The Independent Office for Police Conduct opened an investigation into the conduct of Greater Manchester Police during the Malkinson investigation.

==Aftermath==
After release from prison, Malkinson lived in a tent in Spain. He spent nineteen months after his release living off universal credit before eventually receiving a compensation payment from the Ministry of Justice in February 2025. The case was featured in the academic journal Medicine, Science, and the Law in 2021, and is the subject of a dedicated podcast. The case was also the subject of the BBC Two documentary The Wrong Man: 17 Years Behind Bars, which aired on 6 June 2024.

==Trial and conviction of Paul Quinn==
Paul Quinn, who had been identified as the rapist by DNA testing, was brought to trial for the rape in March 2026. The court heard that saliva on the victim's vest was one billion times more likely to belong to Quinn than to anyone else. Testing in 2023 had also found a partial match between Quinn's DNA and semen samples from the speculum used to examine the victim. In addition, Quinn's ex-wife Catherine testified that he had left home on the night of the attack wearing a white shirt with a horizontal blue stripe, similar to the shirt worn by the rapist, and had returned later that night without it on. She also said that Quinn often wore his shirt unbuttoned and had a shaved chest at the time, as did the rapist.

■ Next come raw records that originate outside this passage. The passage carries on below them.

(* Let $\mathbf{k}$ be a field, $p\ge3$ and $q\ge1$ integers, $S=\mathbf{k}[e_1,\dots,e_{qp}]$, and $L=\bigcap_{j=1}^{(q-1)p+1}\langle e_j,\dots,e_{j+p-2}\rangle$. Let $A'$ be the $(2q-1)\times((q-1)+(p-1)q)$ matrix with entries $A'_{i,j}=e_{pi+j-qp}$, where $e_0=1$ and $e_k=0$ for $k<0$ or $k>qp$. Let $B$ be any $(2q-1)\times(2q-1)$ submatrix of $A'$ (columns kept in their original order). Then (i) if the product $\prod_{i=1}^{2q-1}B_{i,2q-i}$ of the antidiagonal entries of $B$ is $0$, then $\det(B)=0$; and (ii) the product of the antidiagonal entries of $B$ lies in $L$. *)

theory Defs
  imports "HOL-Library.Poly_Mapping" "Jordan_Normal_Form.Determinant"
begin

text \<open>Multivariate polynomials over a field: monomials are finitely supported
exponent vectors, polynomials are finitely supported coefficient maps.\<close>
type_synonym 'a mpoly_rep = "(nat \<Rightarrow>\<^sub>0 nat) \<Rightarrow>\<^sub>0 'a"

definition var :: "nat \<Rightarrow> 'a::field mpoly_rep" where
  "var k = Poly_Mapping.single (Poly_Mapping.single k 1) 1"

definition polyring :: "nat \<Rightarrow> 'a::field mpoly_rep set" where
  "polyring n = {f. \<forall>m \<in> Poly_Mapping.keys f. Poly_Mapping.keys m \<subseteq> {1..n}}"

definition var_ideal :: "nat \<Rightarrow> nat set \<Rightarrow> 'a::field mpoly_rep set" where
  "var_ideal n G = {f. \<exists>c. (\<forall>j\<in>G. c j \<in> polyring n) \<and> f = (\<Sum>j\<in>G. c j * var j)}"

definition L_ideal :: "nat \<Rightarrow> nat \<Rightarrow> 'a::field mpoly_rep set" where
  "L_ideal p q = (\<Inter>j\<in>{1..(q-1)*p+1}. var_ideal (q*p) {j..j+p-2})"

definition evar :: "nat \<Rightarrow> nat \<Rightarrow> int \<Rightarrow> 'a::field mpoly_rep" where
  "evar p q k = (if k = 0 then 1 else if k < 0 \<or> k > int (q*p) then 0 else var (nat k))"

text \<open>The matrix A' with 1-based indices: A'_{i,j} = e_{pi+j-qp},
  1 \<le> i \<le> 2q-1, 1 \<le> j \<le> (q-1)+(p-1)q.\<close>
definition Aprime_entry :: "nat \<Rightarrow> nat \<Rightarrow> nat \<Rightarrow> nat \<Rightarrow> 'a::field mpoly_rep" where
  "Aprime_entry p q i j = evar p q (int p * int i + int j - int q * int p)"

definition Aprime_ncols :: "nat \<Rightarrow> nat \<Rightarrow> nat" where
  "Aprime_ncols p q = (q - 1) + (p - 1) * q"

text \<open>The (2q-1)x(2q-1) submatrix of A' with columns c 1 < ... < c (2q-1) (1-based),
  as a Jordan_Normal_Form matrix (0-based internally): B_{i,k} = A'_{i, c k}.\<close>
definition subB :: "nat \<Rightarrow> nat \<Rightarrow> (nat \<Rightarrow> nat) \<Rightarrow> 'a::field mpoly_rep mat" where
  "subB p q c = mat (2*q-1) (2*q-1) (\<lambda>(i,k). Aprime_entry p q (i+1) (c (k+1)))"

definition antidiag_prod :: "nat \<Rightarrow> nat \<Rightarrow> (nat \<Rightarrow> nat) \<Rightarrow> 'a::field mpoly_rep" where
  "antidiag_prod p q c = (\<Prod>i\<in>{1..2*q-1}. Aprime_entry p q i (c (2*q - i)))"

end

theory Submission
  imports Defs
begin

text \<open>Write \<open>K i\<close> for the index of the antidiagonal entry in row \<open>i\<close>, so that this entry
  is \<open>e\<^bsub>K i\<^esub>\<close>. Since the chosen columns increase strictly, \<open>K\<close> grows by at most \<open>p - 1\<close>
  from one row to the next, while \<open>K 1 \<le> p - 1\<close> and \<open>K (2q-1) \<ge> (q-1)p + 1\<close>. Hence \<open>K\<close>
  meets every window \<open>{j..j+p-2}\<close>, so some factor of the antidiagonal product is a generator
  of \<open>\<langle>e\<^sub>j,...,e\<^bsub>j+p-2\<^esub>\<rangle>\<close>. If instead some antidiagonal entry vanishes, then
  \<open>K i < 0\<close> or \<open>K i > qp\<close>; as the entries' indices increase along rows and columns, all
  entries to the upper left (resp. lower right) of it vanish too, and this
  \<open>i \<times> (2q-i)\<close> (resp. \<open>(2q-i) \<times> i\<close>) zero block forces \<open>det B = 0\<close>
  (Frobenius--Koenig).\<close>

lemma var_neq_zero: "var k \<noteq> (0::'a::field mpoly_rep)"
  unfolding var_def by (metis keys_single empty_iff insertI1 keys_zero one_neq_zero)

lemma zero_in_polyring: "0 \<in> polyring n"
  by (simp add: polyring_def)

lemma one_in_polyring: "1 \<in> polyring n"
  by (simp add: polyring_def)

lemma var_in_polyring: "1 \<le> k \<Longrightarrow> k \<le> n \<Longrightarrow> (var k :: 'a::field mpoly_rep) \<in> polyring n"
  by (simp add: polyring_def var_def)

lemma mult_in_polyring:
  fixes f g :: "'a::field mpoly_rep"
  assumes "f \<in> polyring n" "g \<in> polyring n"
  shows "f * g \<in> polyring n"
proof (unfold polyring_def, intro CollectI ballI)
  fix m assume "m \<in> Poly_Mapping.keys (f * g)"
  then obtain a b where "m = a + b" "a \<in> Poly_Mapping.keys f" "b \<in> Poly_Mapping.keys g"
    using keys_mult[of f g] by blast
  then show "Poly_Mapping.keys m \<subseteq> {1..n}"
    using assms keys_add[of a b] unfolding polyring_def by blast
qed

lemma prod_in_polyring: "(\<And>i. i \<in> A \<Longrightarrow> f i \<in> polyring n) \<Longrightarrow> prod f A \<in> polyring n"
  by (induction A rule: infinite_finite_induct) (simp_all add: one_in_polyring mult_in_polyring)

lemma var_mult_in_var_ideal:
  fixes f :: "'a::field mpoly_rep"
  assumes "finite G" "m \<in> G" "f \<in> polyring n"
  shows "var m * f \<in> var_ideal n G"
proof -
  have "(\<Sum>l\<in>G. (if l = m then f else 0) * var l) = (\<Sum>l\<in>G. if l = m then f * var l else 0)"
    by (rule sum.cong) auto
  also have "\<dots> = var m * f"
    using assms(1,2) by (simp add: mult.commute)
  finally show ?thesis
    unfolding var_ideal_def using assms(3) zero_in_polyring
    by (intro CollectI exI[of _ "\<lambda>l. if l = m then f else 0"]) auto
qed

lemma evar_in_polyring: "(evar p q k :: 'a::field mpoly_rep) \<in> polyring (q*p)"
  unfolding evar_def
  by (auto simp: zero_in_polyring one_in_polyring nat_le_iff not_less intro!: var_in_polyring)

lemma evar_eq_zero_iff: "(evar p q k :: 'a::field mpoly_rep) = 0 \<longleftrightarrow> k < 0 \<or> k > int (q*p)"
  unfolding evar_def using var_neq_zero by (auto simp: mult_less_0_iff)

lemma evar_eq_var: "1 \<le> k \<Longrightarrow> k \<le> int (q*p) \<Longrightarrow> evar p q k = var (nat k)"
  unfolding evar_def by auto

text \<open>Since \<open>card R + card C > n\<close>, the graph of every permutation meets the zero block
  \<open>R \<times> C\<close>, so every term of the Leibniz expansion vanishes.\<close>

lemma det_eq_zero_if_zero_block:
  fixes A :: "'a::comm_ring_1 mat"
  assumes A: "A \<in> carrier_mat n n" and R: "R \<subseteq> {0..<n}" and C: "C \<subseteq> {0..<n}"
    and card: "card R + card C > n"
    and zero: "\<And>r s. r \<in> R \<Longrightarrow> s \<in> C \<Longrightarrow> A $$ (r,s) = 0"
  shows "det A = 0"
proof -
  have "(\<Prod>i=0..<n. A $$ (i, \<pi> i)) = 0" if \<pi>: "\<pi> permutes {0..<n}" for \<pi>
  proof -
    have "\<exists>r\<in>R. \<pi> r \<in> C"
    proof (rule ccontr)
      assume "\<not> ?thesis"
      then have "\<pi> ` R \<subseteq> {0..<n} - C"
        using R permutes_in_image[OF \<pi>] by auto
      then have "card (\<pi> ` R) \<le> n - card C"
        using C card_mono[of "{0..<n} - C" "\<pi> ` R"] by (simp add: card_Diff_subset finite_subset)
      moreover have "card (\<pi> ` R) = card R"
        using permutes_inj[OF \<pi>] by (simp add: card_image inj_on_subset)
      moreover have "card C \<le> n"
        using C card_mono[of "{0..<n}" C] by simp
      ultimately show False
        using card by linarith
    qed
    then obtain r where "r \<in> R" "\<pi> r \<in> C" by blast
    then show ?thesis
      using R zero by (intro prod_zero) auto
  qed
  then show ?thesis
    unfolding det_def'[OF A] by simp
qed

lemma bounded_steps_hit_window:
  fixes f :: "nat \<Rightarrow> int"
  assumes "a \<le> b" and start: "f a < j + w" and stop: "j \<le> f b"
    and steps: "\<And>i. a \<le> i \<Longrightarrow> i < b \<Longrightarrow> f (Suc i) \<le> f i + w"
  shows "\<exists>i\<in>{a..b}. j \<le> f i \<and> f i < j + w"
  using \<open>a \<le> b\<close> stop steps
proof (induction b rule: dec_induct)
  case base
  then show ?case using start by auto
next
  case (step b)
  show ?case
  proof (cases "j \<le> f b")
    case True
    then show ?thesis using step.IH step.prems(2) by fastforce
  next
    case False
    then have "f (Suc b) < j + w"
      using step.prems(2)[of b] step.hyps by linarith
    then show ?thesis using step.prems(1) step.hyps by auto
  qed
qed

definition Aprime_index :: "nat \<Rightarrow> nat \<Rightarrow> nat \<Rightarrow> nat \<Rightarrow> int" where
  "Aprime_index p q i j = int p * int i + int j - int q * int p"

lemma Aprime_entry_eq: "Aprime_entry p q i j = evar p q (Aprime_index p q i j)"
  unfolding Aprime_entry_def Aprime_index_def ..

lemma Aprime_index_mono:
  "i \<le> i' \<Longrightarrow> j \<le> j' \<Longrightarrow> Aprime_index p q i j \<le> Aprime_index p q i' j'"
  unfolding Aprime_index_def by (simp add: mult_left_mono add_mono)

definition antidiag_index :: "nat \<Rightarrow> nat \<Rightarrow> (nat \<Rightarrow> nat) \<Rightarrow> nat \<Rightarrow> int" where
  "antidiag_index p q c i = Aprime_index p q i (c (2*q - i))"

lemma antidiag_prod_eq:
  "antidiag_prod p q c = (\<Prod>i\<in>{1..2*q-1}. evar p q (antidiag_index p q c i))"
  unfolding antidiag_prod_def Aprime_entry_eq antidiag_index_def ..

lemma subB_carrier: "subB p q c \<in> carrier_mat (2*q-1) (2*q-1)"
  unfolding subB_def by simp

lemma subB_entry:
  "r < 2*q-1 \<Longrightarrow> s < 2*q-1 \<Longrightarrow>
    subB p q c $$ (r,s) = evar p q (Aprime_index p q (r+1) (c (s+1)))"
  unfolding subB_def Aprime_entry_eq by simp

lemma det_subB_eq_zero_if_antidiag_prod_eq_zero:
  assumes mono: "strict_mono_on {1..2*q-1} c"
    and zero: "antidiag_prod p q c = (0 :: 'a::field mpoly_rep)"
  shows "det (subB p q c :: 'a mpoly_rep mat) = 0"
proof -
  define n where "n = 2*q - 1"
  define K where "K = antidiag_index p q c"
  obtain i where i: "i \<in> {1..n}" and K: "K i < 0 \<or> K i > int (q*p)"
    using zero unfolding antidiag_prod_eq K_def n_def by (auto simp: evar_eq_zero_iff)
  have c_le: "c (s+1) \<le> c (s'+1)" if "s \<le> s'" "s' < n" for s s'
    using strict_mono_on_leD[OF mono] that unfolding n_def by auto
  have carrier: "(subB p q c :: 'a mpoly_rep mat) \<in> carrier_mat n n"
    unfolding n_def by (rule subB_carrier)
  from K show ?thesis
  proof
    assume "K i < 0"
    show ?thesis
    proof (rule det_eq_zero_if_zero_block[OF carrier, of "{0..<i}" "{0..<2*q-i}"])
      fix r s assume "r \<in> {0..<i}" "s \<in> {0..<2*q-i}"
      then have "Aprime_index p q (r+1) (c (s+1)) \<le> K i"
        unfolding K_def antidiag_index_def using i c_le[of s "2*q-i-1"]
        by (intro Aprime_index_mono) (auto simp: n_def Suc_diff_Suc)
      then show "(subB p q c :: 'a mpoly_rep mat) $$ (r,s) = 0"
        using \<open>K i < 0\<close> \<open>r \<in> _\<close> \<open>s \<in> _\<close> i
        by (subst subB_entry) (auto simp: n_def evar_eq_zero_iff)
    qed (use i in \<open>auto simp: n_def\<close>)
  next
    assume "K i > int (q*p)"
    show ?thesis
    proof (rule det_eq_zero_if_zero_block[OF carrier, of "{i-1..<n}" "{2*q-i-1..<n}"])
      fix r s assume "r \<in> {i-1..<n}" "s \<in> {2*q-i-1..<n}"
      then have "K i \<le> Aprime_index p q (r+1) (c (s+1))"
        unfolding K_def antidiag_index_def using i c_le[of "2*q-i-1" s]
        by (intro Aprime_index_mono) (auto simp: n_def Suc_diff_Suc)
      then show "(subB p q c :: 'a mpoly_rep mat) $$ (r,s) = 0"
        using \<open>K i > _\<close> \<open>r \<in> _\<close> \<open>s \<in> _\<close>
        by (subst subB_entry) (auto simp: n_def evar_eq_zero_iff)
    qed (use i in \<open>auto simp: n_def\<close>)
  qed
qed

lemma antidiag_index_Suc_le:
  assumes "strict_mono_on {1..2*q-1} c" and "1 \<le> i" and "i < 2*q-1"
  shows "antidiag_index p q c (Suc i) \<le> antidiag_index p q c i + (int p - 1)"
proof -
  have "c (2*q - Suc i) < c (2*q - i)"
    using assms by (intro strict_mono_onD[OF assms(1)]) auto
  then show ?thesis
    unfolding antidiag_index_def Aprime_index_def by (simp add: algebra_simps)
qed

lemma Aprime_ncols_eq:
  assumes "p \<ge> 1" and "q \<ge> 1"
  shows "int (Aprime_ncols p q) = int p * int q - 1"
proof -
  have "Aprime_ncols p q + 1 = p * q"
    unfolding Aprime_ncols_def using assms by (cases p; cases q) (auto simp: algebra_simps)
  then show ?thesis by (metis add_diff_cancel_right' of_nat_add of_nat_mult of_nat_1)
qed

lemma antidiag_index_first_le:
  assumes "p \<ge> 1" and "q \<ge> 1" and "c ` {1..2*q-1} \<subseteq> {1..Aprime_ncols p q}"
  shows "antidiag_index p q c 1 \<le> int p - 1"
proof -
  have "2*q-1 \<in> {1..2*q-1}"
    using assms(2) by simp
  then have "c (2*q-1) \<in> {1..Aprime_ncols p q}"
    using assms(3) by blast
  then have "int (c (2*q-1)) \<le> int p * int q - 1"
    using Aprime_ncols_eq[OF assms(1,2)] by simp
  then show ?thesis
    unfolding antidiag_index_def Aprime_index_def by (simp add: algebra_simps)
qed

lemma antidiag_index_last_ge:
  assumes "q \<ge> 1" and "c ` {1..2*q-1} \<subseteq> {1..Aprime_ncols p q}"
  shows "antidiag_index p q c (2*q-1) \<ge> int p * int q - int p + 1"
proof -
  have "1 \<le> c 1"
    using assms by force
  moreover have "2*q - (2*q-1) = 1" "int (2*q-1) = 2 * int q - 1"
    using assms(1) by auto
  ultimately show ?thesis
    unfolding antidiag_index_def Aprime_index_def by (simp add: algebra_simps)
qed

lemma antidiag_prod_in_L_ideal:
  assumes p: "p \<ge> 2" and q: "q \<ge> 1"
    and mono: "strict_mono_on {1..2*q-1} c"
    and c_range: "c ` {1..2*q-1} \<subseteq> {1..Aprime_ncols p q}"
  shows "(antidiag_prod p q c :: 'a::field mpoly_rep) \<in> L_ideal p q"
  unfolding L_ideal_def
proof (rule INT_I)
  fix j assume "j \<in> {1..(q-1)*p+1}"
  then have "1 \<le> j" and "int j \<le> int ((q-1)*p+1)"
    by (simp_all only: atLeastAtMost_iff of_nat_le_iff)
  moreover have "int ((q-1)*p+1) = int p * int q - int p + 1"
    using q by (simp add: of_nat_diff algebra_simps)
  ultimately have j: "1 \<le> j" "int j \<le> int p * int q - int p + 1"
    by simp_all
  define K where "K = antidiag_index p q c"
  have "\<exists>i\<in>{1..2*q-1}. int j \<le> K i \<and> K i < int j + (int p - 1)"
  proof (rule bounded_steps_hit_window)
    show "K 1 < int j + (int p - 1)"
      using antidiag_index_first_le[of p q c] p q c_range j(1) unfolding K_def by simp
    show "int j \<le> K (2*q-1)"
      using antidiag_index_last_ge[OF q c_range] j(2) unfolding K_def by simp
    show "K (Suc i) \<le> K i + (int p - 1)" if "1 \<le> i" "i < 2*q-1" for i
      using antidiag_index_Suc_le[OF mono that] unfolding K_def .
  qed (use q in simp)
  then obtain i where i: "i \<in> {1..2*q-1}" "int j \<le> K i" "K i < int j + (int p - 1)"
    by blast
  define m where "m = nat (K i)"
  have m: "m \<in> {j..j+p-2}"
    using i p unfolding m_def by auto
  have "evar p q (K i) = (var m :: 'a mpoly_rep)"
    unfolding m_def using i j by (intro evar_eq_var) (auto simp: algebra_simps)
  then have "antidiag_prod p q c = var m * (\<Prod>k\<in>{1..2*q-1}-{i}. (evar p q (K k) :: 'a mpoly_rep))"
    unfolding antidiag_prod_eq K_def using i(1) by (subst prod.remove) auto
  then show "antidiag_prod p q c \<in> (var_ideal (q*p) {j..j+p-2} :: 'a mpoly_rep set)"
    using m by (simp add: var_mult_in_var_ideal prod_in_polyring evar_in_polyring)
qed

theorem proposition5p3:
  fixes p q :: nat and c :: "nat \<Rightarrow> nat"
  assumes "p \<ge> 3" and "q \<ge> 1"
    and "strict_mono_on {1..2*q-1} c"
    and "c ` {1..2*q-1} \<subseteq> {1..Aprime_ncols p q}"
  shows "(antidiag_prod p q c = (0 :: 'a::field mpoly_rep) \<longrightarrow> det (subB p q c :: 'a mpoly_rep mat) = 0)
     \<and> (antidiag_prod p q c :: 'a mpoly_rep) \<in> L_ideal p q"
  using det_subB_eq_zero_if_antidiag_prod_eq_zero[OF assms(3)]
    antidiag_prod_in_L_ideal[of p q c] assms by auto

end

The trial also heard that Quinn had searched online for information about Malkinson's campaign to prove his innocence in 2019, before it was widely known, and had searched "how long is DNA kept in database" after it was first reported that another man's DNA had been found.

Quinn was found guilty of rape, grievous bodily harm and intentional strangulation on 17 April 2026. On 5 June 2026, Quinn was sentenced to 24 years in prison.

==Inquiry==

An inquiry into the wrongful conviction, led by judge Sarah Munro, began on 26 October 2023. The hearing was to examine the original investigation by Greater Manchester Police and why it took so long for the conviction to be overturned. Munro said before it began that she would be "fearless" in seeking the truth.

The inquiry was delayed during the trial of Paul Quinn. Following the conviction and sentencing in of Paul Quinn in June 2026, the inquiry was able to "recommence its work".